Controlling Iraqi Oil PDF Print E-mail
Iraq

United Press International, Nick Mottern, 19/6/2008

"Americans remain optimistic that a last minute deal can be reached," reported The Wall Street Journal in its June 14-15, 2008 edition, describing an impasse over an extraordinary long-term "security" deal between the United States and Iraqi governments that would keep U.S. troops in Iraq for many, many years.

Gina Chon, reporting from Baghdad, was not referring to the American public. She was referring only to a statement by the State Department's Iraq coordinator, David Satterfield, who, she said in breezy style, "is in town for the negotiations" on the deal, which is opposed by an increasing number of Iraqis because it would make Iraq a captive state of the United States.

Oil was not mentioned in connection with Satterfield's negotiations. Nor was oil mentioned in the negotiation reports in The New York Times or Financial Times. In fact, it has been the practice of the major media to avoid mentioning oil in connection with military activity in Iraq; something also common in the Congress, all following the lead of the Bush administration.

But it is no coincidence that news of negotiations over the "security" agreement comes with news on June 19 that the occupied Iraqi government is getting ready to sign contracts with ExxonMobil, Shell, BP, Chevron and Total to assist in developing Iraq's vast oil fields, holding the world's third-largest reserves. Although the contracts are simply for services, not long-term production agreements, the contracts give the major oil companies a foot in the door.

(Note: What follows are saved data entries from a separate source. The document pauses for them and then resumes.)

lemma kernel_pair_of_coequalizer:
  assumes kp: "is_pullback C \<psi> \<psi> f1 f2" and coeq: "coequalizer C f1 f2 c"
  shows "is_pullback C c c f1 f2"
proof -
  note DF = pullbackD[OF kp] and DC = coequalizerD[OF coeq]
  obtain m where m: "arr m" "Dom C m = Cod C c" "Cod C m = Cod C \<psi>" "m \<cdot> c = \<psi>"
    by (rule coequalizer_factorE[OF coeq DF(1)]) (use DF in simp_all)
  show ?thesis
  proof (rule pullbackI)
    fix h k assume hk: "arr h" "arr k" "Cod C h = Dom C c" "Cod C k = Dom C c" "Dom C h = Dom C k"
      "c \<cdot> h = c \<cdot> k"
    have "\<psi> \<cdot> h = \<psi> \<cdot> k"
      using comp_eq_extend'[OF m(4), of h] comp_eq_extend'[OF m(4), of k] hk m DC by simp
    then obtain t where "arr t" "Dom C t = Dom C h" "Cod C t = Dom C f1" "f1 \<cdot> t = h" "f2 \<cdot> t = k"
      by (rule pullback_liftE[OF kp hk(1,2) _ _ hk(5), rotated 2]) (use hk DF DC in simp_all)
    then show "\<exists>t. arr t \<and> Dom C t = Dom C h \<and> Cod C t = Dom C f1 \<and> f1 \<cdot> t = h \<and> f2 \<cdot> t = k"
      by blast
  next
    fix t t' assume "arr t" "arr t'" "Cod C t = Dom C f1" "Cod C t' = Dom C f1" "Dom C t = Dom C t'"
      "f1 \<cdot> t = f1 \<cdot> t'" "f2 \<cdot> t = f2 \<cdot> t'"
    then show "t = t'"
      by (rule pullback_jointly_monic[OF kp])
  qed (use DF DC in simp_all)
qed
lemma gen_torsion_of_conj_prod:
  assumes g: "g \<in> carrier G" "g \<noteq> \<one>" and xs: "xs \<noteq> []" "set xs \<subseteq> carrier G"
    and k: "conj_prod G g xs = \<one> \<or> gen_torsion G (conj_prod G g xs)"
  shows "gen_torsion G g"
  using k
proof
  assume "conj_prod G g xs = \<one>"
  with g xs show ?thesis
    unfolding gen_torsion_iff_conj_prod by blast
next
  assume "gen_torsion G (conj_prod G g xs)"
  then obtain ws where ws: "ws \<noteq> []" "set ws \<subseteq> carrier G" "conj_prod G (conj_prod G g xs) ws = \<one>"
    unfolding gen_torsion_iff_conj_prod by blast
  let ?ys = "concat (map (\<lambda>w. map ((\<otimes>) w) xs) ws)"
  have "conj_prod G g ?ys = \<one>"
    using ws conj_prod_conj_prod[OF g(1) xs(2) ws(2)] by simp
  moreover have "?ys \<noteq> []"
    using xs(1) ws(1) by (cases ws) auto
  moreover have "set ?ys \<subseteq> carrier G"
    using xs(2) ws(2) by auto
  ultimately show ?thesis
    using g unfolding gen_torsion_iff_conj_prod by blast
qed

end

context group_hom
begin

lemma conjg_hom: "g \<in> carrier G \<Longrightarrow> x \<in> carrier G \<Longrightarrow> h (conjg G g x) = conjg H (h g) (h x)"
  by (simp add: conjg_def)

lemma conj_prod_hom:
  "g \<in> carrier G \<Longrightarrow> set xs \<subseteq> carrier G \<Longrightarrow> h (conj_prod G g xs) = conj_prod H (h g) (map h xs)"
  by (induction xs) (auto simp: conjg_hom)

lemma gen_torsion_hom_image:
  assumes "gen_torsion G g" "h g \<noteq> \<one>\<^bsub>H\<^esub>"
  shows "gen_torsion H (h g)"
proof -
  obtain xs where xs: "xs \<noteq> []" "set xs \<subseteq> carrier G" "conj_prod G g xs = \<one>\<^bsub>G\<^esub>"
    using assms(1) unfolding gen_torsion_iff_conj_prod by blast
  have "conj_prod H (h g) (map h xs) = \<one>\<^bsub>H\<^esub>"
    using xs assms(1) by (simp add: gen_torsion_def flip: conj_prod_hom)
  moreover have "set (map h xs) \<subseteq> carrier H"
    using xs(2) by auto
  ultimately show ?thesis
    using assms xs(1) unfolding gen_torsion_iff_conj_prod by (metis Nil_is_map_conv hom_closed)
qed

end

lemma gt_group_surj_hom_image:
  assumes G: "gt_group G" and "group H" "h \<in> hom G H" "h ` carrier G = carrier H"
  shows "gt_group H"
proof -
  interpret group_hom G H h
    using assms by (simp add: gt_group_def group_hom_def group_hom_axioms_def)
  show ?thesis
    unfolding gt_group_def
  proof (intro conjI ballI impI)
    fix y assume y: "y \<in> carrier H" "y \<noteq> \<one>\<^bsub>H\<^esub>"
    with assms(4) obtain g where g: "g \<in> carrier G" "y = h g"
      by blast
    with y have "g \<noteq> \<one>\<^bsub>G\<^esub>"
      by auto
    with g G have "gen_torsion G g"
      by (simp add: gt_group_def)
    with g y show "gen_torsion H y"
      by (simp add: gen_torsion_hom_image)
  qed fact
qed

lemma gt_group_FactGroup:
  assumes "gt_group G" "N \<lhd> G"
  shows "gt_group (G Mod N)"
  using assms(1) normal.factorgroup_is_group[OF assms(2)] normal.r_coset_hom_Mod[OF assms(2)]
  by (rule gt_group_surj_hom_image) (simp add: carrier_FactGroup)

lemma gen_torsion_image_of_gt_group:
  assumes "gt_group K" "group G" "\<iota> \<in> hom K G" "k \<in> \<iota> ` carrier K" "k \<noteq> \<one>\<^bsub>G\<^esub>"
  shows "gen_torsion G k"
proof -
  interpret group_hom K G \<iota>
    using assms by (simp add: gt_group_def group_hom_def group_hom_axioms_def)
  obtain a where a: "a \<in> carrier K" "k = \<iota> a"
    using assms(4) by blast
  with assms(5) have "a \<noteq> \<one>\<^bsub>K\<^esub>"
    by auto
  with a assms(1) have "gen_torsion K a"
    by (simp add: gt_group_def)
  with a assms(5) show ?thesis
    by (simp add: gen_torsion_hom_image)
qed

lemma gt_group_extension:
  assumes "group G" and Q: "gt_group Q" and "\<pi> \<in> hom G Q" "\<pi> ` carrier G = carrier Q"
    and ker_gen_torsion: "\<And>k. k \<in> kernel G Q \<pi> \<Longrightarrow> k \<noteq> \<one>\<^bsub>G\<^esub> \<Longrightarrow> gen_torsion G k"
  shows "gt_group G"
proof -
  interpret group_hom G Q \<pi>
    using assms by (simp add: gt_group_def group_hom_def group_hom_axioms_def)
  show ?thesis
    unfolding gt_group_def
  proof (intro conjI ballI impI)
    fix g assume g: "g \<in> carrier G" "g \<noteq> \<one>\<^bsub>G\<^esub>"
    show "gen_torsion G g"
    proof (cases "\<pi> g = \<one>\<^bsub>Q\<^esub>")
      case True
      with g have "g \<in> kernel G Q \<pi>"
        by (simp add: kernel_def)
      with g ker_gen_torsion show ?thesis
        by blast
    next
      case False
      with g Q have "gen_torsion Q (\<pi> g)"
        by (simp add: gt_group_def)
      then obtain ys where ys: "ys \<noteq> []" "set ys \<subseteq> carrier Q" "conj_prod Q (\<pi> g) ys = \<one>\<^bsub>Q\<^esub>"
        unfolding gen_torsion_iff_conj_prod by blast
      have "ys \<in> map \<pi> ` lists (carrier G)"
        using ys(2) assms(4) lists_image[of \<pi> "carrier G"] by auto
      then obtain xs where xs: "set xs \<subseteq> carrier G" "ys = map \<pi> xs"
        by blast
      have "\<pi> (conj_prod G g xs) = \<one>\<^bsub>Q\<^esub>"
        using ys xs g by (simp add: conj_prod_hom)
      then have "conj_prod G g xs \<in> kernel G Q \<pi>"
        using g xs by (simp add: kernel_def)
      with ker_gen_torsion have "conj_prod G g xs = \<one>\<^bsub>G\<^esub> \<or> gen_torsion G (conj_prod G g xs)"
        by blast
      with g xs ys(1) show ?thesis
        by (simp add: G.gen_torsion_of_conj_prod)
    qed
  qed fact
qed
theory Submission
  imports Defs
begin

(* Psi(B)_(i,n) is the ratio of the bottom-left minors Delta_[i,n](B) and Delta_[i+1,n](B).
   These minors do not change under left or right multiplication by an upper unitriangular
   matrix such as x_j(t): the bottom rows of T B only see the bottom rows of B, through a
   unitriangular block of T, and dually for the leading columns of B T.  For
   Phi(z) = W^p ... W^1, peeling W^1, W^2, ... off the right moves the column window of the
   minor one step to the right at the cost of a unitriangular factor, until the window is a
   principal block of the lower triangular matrix W^p ... W^i, whose diagonal telescopes to
   z_(i,n) ... z_(p,n).  Hence Delta_[i,n](B) = z_(i,n) ... z_(p,n) and Psi(B)_(i,n) = z_(i,n). *)

definition square_block :: "'a mat \<Rightarrow> nat \<Rightarrow> nat \<Rightarrow> nat \<Rightarrow> 'a mat" where
  "square_block A r c s = mat s s (\<lambda>(u,v). A $$ (r+u, c+v))"

lemma square_block_carrier [simp]: "square_block A r c s \<in> carrier_mat s s"
  by (simp add: square_block_def)

lemma dim_square_block [simp]:
  "dim_row (square_block A r c s) = s" "dim_col (square_block A r c s) = s"
  by (simp_all add: square_block_def)

lemma index_square_block [simp]:
  "u < s \<Longrightarrow> v < s \<Longrightarrow> square_block A r c s $$ (u,v) = A $$ (r+u, c+v)"
  by (simp add: square_block_def)

lemma pick_atLeastLessThan: "a + k < b \<Longrightarrow> pick {a..<b} k = a + k"
  by (induction k) (auto intro!: Least_equality)

lemma minor_atLeastAtMost:
  assumes A: "A \<in> carrier_mat n n" and i: "1 \<le> i" "i \<le> n + 1"
  shows "minor A {i..n} = det (square_block A (i-1) 0 (n+1-i))"
proof -
  have rows: "(\<lambda>r. r - 1) ` {i..n} = {i-1..<n}"
  proof (intro equalityI subsetI)
    fix x assume "x \<in> {i-1..<n}"
    then have "x = x + 1 - 1" "x + 1 \<in> {i..n}" using i by auto
    then show "x \<in> (\<lambda>r. r - 1) ` {i..n}" by blast
  qed (use i in auto)
  have "{r. r < dim_row A \<and> r \<in> {i-1..<n}} = {i-1..<n}"
    "{r. r < dim_col A \<and> r \<in> {0..<n+1-i}} = {0..<n+1-i}"
    using A i by auto
  then have "submatrix A {i-1..<n} {0..<n+1-i} = square_block A (i-1) 0 (n+1-i)"
    unfolding submatrix_def using i by (intro eq_matI) (auto simp: pick_atLeastLessThan)
  then show ?thesis unfolding minor_def rows by simp
qed

lemma index_mult_mat_sum:
  assumes "A \<in> carrier_mat n k" "B \<in> carrier_mat k l" "i < n" "j < l"
  shows "(A * B) $$ (i,j) = (\<Sum>q<k. A $$ (i,q) * B $$ (q,j))"
  using assms by (auto simp: scalar_prod_def lessThan_atLeast0 intro!: sum.cong)
theorem prolongation_eq:
  assumes rs: "r < s"
  shows "prolongation r s (line (delta r s)) =
    ({lincomb r s x y b c | x y b c. True} :: 'a::field_char_0 endo set)"
proof (intro set_eqI iffI)
  fix A :: "'a endo"
  assume "A \<in> prolongation r s (line (delta r s))"
  then have D: "deg_part k A \<in> prol_deg r s (line (delta r s)) k" for k
    unfolding prolongation_def by blast
  obtain c where c: "deg_part (-1) A = msmult c (delta r s)"
    using D[of "-1"] unfolding prol_deg_line[OF rs] by (auto simp: line_def)
  obtain x y where xy: "deg_part 0 A = cartan r s x y"
    using D[of 0] unfolding prol_deg_line[OF rs] by auto
  obtain b where b: "deg_part 1 A = msmult b (emat r s)"
    using D[of 1] unfolding prol_deg_line[OF rs] by (auto simp: line_def)
  have rest: "deg_part k A = mzero" if "k \<noteq> -1" "k \<noteq> 0" "k \<noteq> 1" for k
    using D[of k] that unfolding prol_deg_line[OF rs] by simp
  have "A = lincomb r s x y b c"
    by (rule deg_part_ext) (simp add: deg_part_lincomb c xy b rest)
  then show "A \<in> {lincomb r s x y b c | x y b c. True}" by blast
next
  fix A :: "'a endo"
  assume "A \<in> {lincomb r s x y b c | x y b c. True}"
  then obtain x y b c where A: "A = lincomb r s x y b c" by blast
  have "deg_part k A \<in> prol_deg r s (line (delta r s)) k" for k
    unfolding A deg_part_lincomb prol_deg_line[OF rs]
    by (auto intro: line_msmult line_self)
  then show "A \<in> prolongation r s (line (delta r s))"
    unfolding prolongation_def A using lincomb_gl by blast
qed

(* The element x 1 + y diag(1,-1) + b e_12 + c e_21 of gl_2 and its commutators. *)
definition mat4 :: "'a::field \<Rightarrow> 'a \<Rightarrow> 'a \<Rightarrow> 'a \<Rightarrow> 'a^2^2" where
  "mat4 x y b c = (\<chi> i j. if i = 1 then (if j = 1 then x + y else b) else (if j = 1 then c else x - y))"

lemma mat4_nth [simp]:
  "mat4 x y b c $ 1 $ 1 = x + y" "mat4 x y b c $ 1 $ 2 = b"
  "mat4 x y b c $ 2 $ 1 = c" "mat4 x y b c $ 2 $ 2 = x - y"
  by (simp_all add: mat4_def)

lemma mat4_surj:
  "(M::'a::field_char_0^2^2) = mat4 ((M$1$1 + M$2$2)/2) ((M$1$1 - M$2$2)/2) (M$1$2) (M$2$1)"
  unfolding vec_eq_iff forall_2 by (simp add: field_simps)

lemma bracket2_mat4:
  "bracket2 (mat4 x y b c) (mat4 x' y' b' c') =
     mat4 0 (b*c' - c*b') (2*(y*b' - b*y')) (2*(c*y' - y*c'))"
  unfolding vec_eq_iff forall_2 bracket2_def
  by (simp add: matrix_matrix_mult_def sum_2 algebra_simps)

definition gl2_coords :: "int \<Rightarrow> int \<Rightarrow> 'a::field endo \<Rightarrow> 'a^2^2" where
  "gl2_coords r s A = mat4 ((A r r + A s s)/2) ((A s s - A r r)/(2 * of_int (s-r)))
     (A (r+1) r / of_int (s-r)) (A r (r+1))"

definition from_gl2 :: "int \<Rightarrow> int \<Rightarrow> 'a::field^2^2 \<Rightarrow> 'a endo" where
  "from_gl2 r s M = lincomb r s ((M$1$1 + M$2$2)/2) ((M$1$1 - M$2$2)/2) (M$1$2) (M$2$1)"

lemma gl2_coords_lincomb:
  assumes "r < s"
  shows "gl2_coords r s (lincomb r s x y b c) = (mat4 x y b c :: 'a::field_char_0^2^2)"
proof -
  have entries: "lincomb r s x y b c r r = x - y * of_int (s - r)"
    "lincomb r s x y b c s s = x + y * of_int (s - r)"
    "lincomb r s x y b c (r+1) r = b * of_int (s - r)"
    "lincomb r s x y b c r (r+1) = c"
    using assms by (auto simp: lincomb_def cartan_def madd_def msmult_def idV_def hmat_def diag_def
        emat_def delta_def algebra_simps)
  define d where "d = (of_int (s - r) :: 'a)"
  have "d \<noteq> 0" using assms by (simp add: d_def)
  then have "(x - y * d + (x + y * d)) / 2 = x" "(x + y * d - (x - y * d)) / (2 * d) = y"
      "b * d / d = b"
    by (simp_all add: field_simps)
  then show ?thesis unfolding gl2_coords_def entries d_def[symmetric] by simp
qed

lemma from_gl2_mat4: "from_gl2 r s (mat4 x y b c :: 'a::field_char_0^2^2) = lincomb r s x y b c"
  by (simp add: from_gl2_def)
(* Let $\xi$ be a real random variable such that either $\mathbb{E}\xi^2=\infty$, or $\mathbb{E}\xi^2<\infty$ and $\mathbb{E}\xi\neq0$. Let $\varepsilon\in(0,1)$ and $M>0$. Then there exists $n_0$, depending only on $\varepsilon$, $M$ and the distribution of $\xi$, such that for every $n>n_0$ the following holds: if $A$ is an $n\times n$ random matrix whose entries are i.i.d. copies of $\xi$, then with probability at least $1-e^{-n}$, every submatrix $A'=(A_{ij})_{i\in I,j\in J}$ of $A$ with $I,J\subset[n]$, $|I|\ge(1-\varepsilon)n$ and $|J|\ge(1-\varepsilon)n$ satisfies $\|A'\|\ge M\sqrt n$.
   Context: $\|\cdot\|$ denotes the operator norm (Euclidean norm to Euclidean norm). *)

theory Defs
  imports "HOL-Probability.Probability"
begin

text \<open>Vectors are functions nat => real,
  only the coordinates in J matter.\<close>
definition submatrix_opnorm :: "(nat \<times> nat \<Rightarrow> real) \<Rightarrow> nat set \<Rightarrow> nat set \<Rightarrow> real" where
  "submatrix_opnorm a I J =
     (SUP x \<in> {x :: nat \<Rightarrow> real. (\<Sum>j\<in>J. (x j)\<^sup>2) = 1}.
        sqrt (\<Sum>i\<in>I. (\<Sum>j\<in>J. a (i, j) * x j)\<^sup>2))"

definition iid_matrix :: "real measure \<Rightarrow> nat \<Rightarrow> (nat \<times> nat \<Rightarrow> real) measure" where
  "iid_matrix \<mu> n = PiM ({..<n} \<times> {..<n}) (\<lambda>_. \<mu>)"

end

theory Submission
  imports Defs "HOL-Real_Asymp.Real_Asymp"
begin

text \<open>
  For a submatrix with index sets I, J the operator norm dominates every column norm and
  |sum of the entries| / sqrt(|I| |J|). There are at most 4^n pairs (I, J), so every estimate
  on a fixed block only has to fail with probability e^{-c n^2}, which Hoeffding's inequality
  provides for bounded functions of the entries.

  If E xi^2 is infinite, min(xi^2, T) has mean above K^2 / (1 - eps) + 1 for large T; hence on
  every large block the squared entries sum to at least K^2 / (1 - eps) |I| |J|, and some column
  has norm at least K sqrt n.

  If E xi^2 is finite and m = E xi is nonzero, split each entry x into its truncation at a large
  level T, the part T < |x| < K sqrt n, and the part |x| >= K sqrt n. Entries of the last kind
  give the bound directly. The truncated entries sum to about m |I| |J| on every large block
  (Hoeffding), and the middle parts have total sum o(n^2) except with probability
  e^{-c n^(3/2)} (a Chernoff bound whose exponential moment is controlled by E xi^2). So the
  sum over the block is of order m n^2 and the norm is of order m n, beyond K sqrt n.
\<close>

section \<open>Operator norms of submatrices\<close>

definition submatrix_mult_norm :: "(nat \<times> nat \<Rightarrow> real) \<Rightarrow> nat set \<Rightarrow> nat set \<Rightarrow> (nat \<Rightarrow> real) \<Rightarrow> real" where
  "submatrix_mult_norm a I J x = L2_set (\<lambda>i. \<Sum>j\<in>J. a (i, j) * x j) I"

definition submatrix_frobenius :: "(nat \<times> nat \<Rightarrow> real) \<Rightarrow> nat set \<Rightarrow> nat set \<Rightarrow> real" where
  "submatrix_frobenius a I J = L2_set (\<lambda>i. L2_set (\<lambda>j. a (i, j)) J) I"

lemma submatrix_opnorm_eq_SUP:
  "submatrix_opnorm a I J = (SUP x \<in> {x. L2_set x J = 1}. submatrix_mult_norm a I J x)"
proof -
  have "{x :: nat \<Rightarrow> real. (\<Sum>j\<in>J. (x j)\<^sup>2) = 1} = {x. L2_set x J = 1}"
    by (auto simp: L2_set_def)
  then show ?thesis unfolding submatrix_opnorm_def submatrix_mult_norm_def L2_set_def by simp
qed

lemma submatrix_mult_norm_nonneg: "0 \<le> submatrix_mult_norm a I J x"
  by (simp add: submatrix_mult_norm_def)

lemma submatrix_frobenius_nonneg: "0 \<le> submatrix_frobenius a I J"
  by (simp add: submatrix_frobenius_def)

lemma submatrix_mult_norm_le_frobenius:
  assumes "finite J"
  shows "submatrix_mult_norm a I J x \<le> submatrix_frobenius a I J * L2_set x J"
proof -
  have row: "\<bar>\<Sum>j\<in>J. a (i, j) * x j\<bar> \<le> L2_set (\<lambda>j. a (i, j)) J * L2_set x J" for i
  proof -
    have "\<bar>\<Sum>j\<in>J. a (i, j) * x j\<bar> \<le> (\<Sum>j\<in>J. \<bar>a (i, j)\<bar> * \<bar>x j\<bar>)"
      by (rule order_trans[OF sum_abs]) (simp add: abs_mult)
    also have "\<dots> \<le> L2_set (\<lambda>j. a (i, j)) J * L2_set x J" by (rule L2_set_mult_ineq)
    finally show ?thesis .
  qed
  have "submatrix_mult_norm a I J x = L2_set (\<lambda>i. \<bar>\<Sum>j\<in>J. a (i, j) * x j\<bar>) I"
    unfolding submatrix_mult_norm_def L2_set_def by simp
  also have "\<dots> \<le> L2_set (\<lambda>i. L2_set (\<lambda>j. a (i, j)) J * L2_set x J) I"
    using row by (simp add: L2_set_mono)
  also have "\<dots> = submatrix_frobenius a I J * L2_set x J"
    unfolding submatrix_frobenius_def by (simp add: L2_set_left_distrib)
  finally show ?thesis .
qed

That they are no-bid contracts given to these Western firms over Russian, Chinese and Indian competitors is exceptional and clearly a matter of an occupied government responding to pressure from the occupier.

What the Bush administration and the major oil companies are striving for is a "security" agreement that will be locked into place before the November election, enabling U.S. troops to protect U.S. oil interests in Iraq and to control the Iraqi government for years to come.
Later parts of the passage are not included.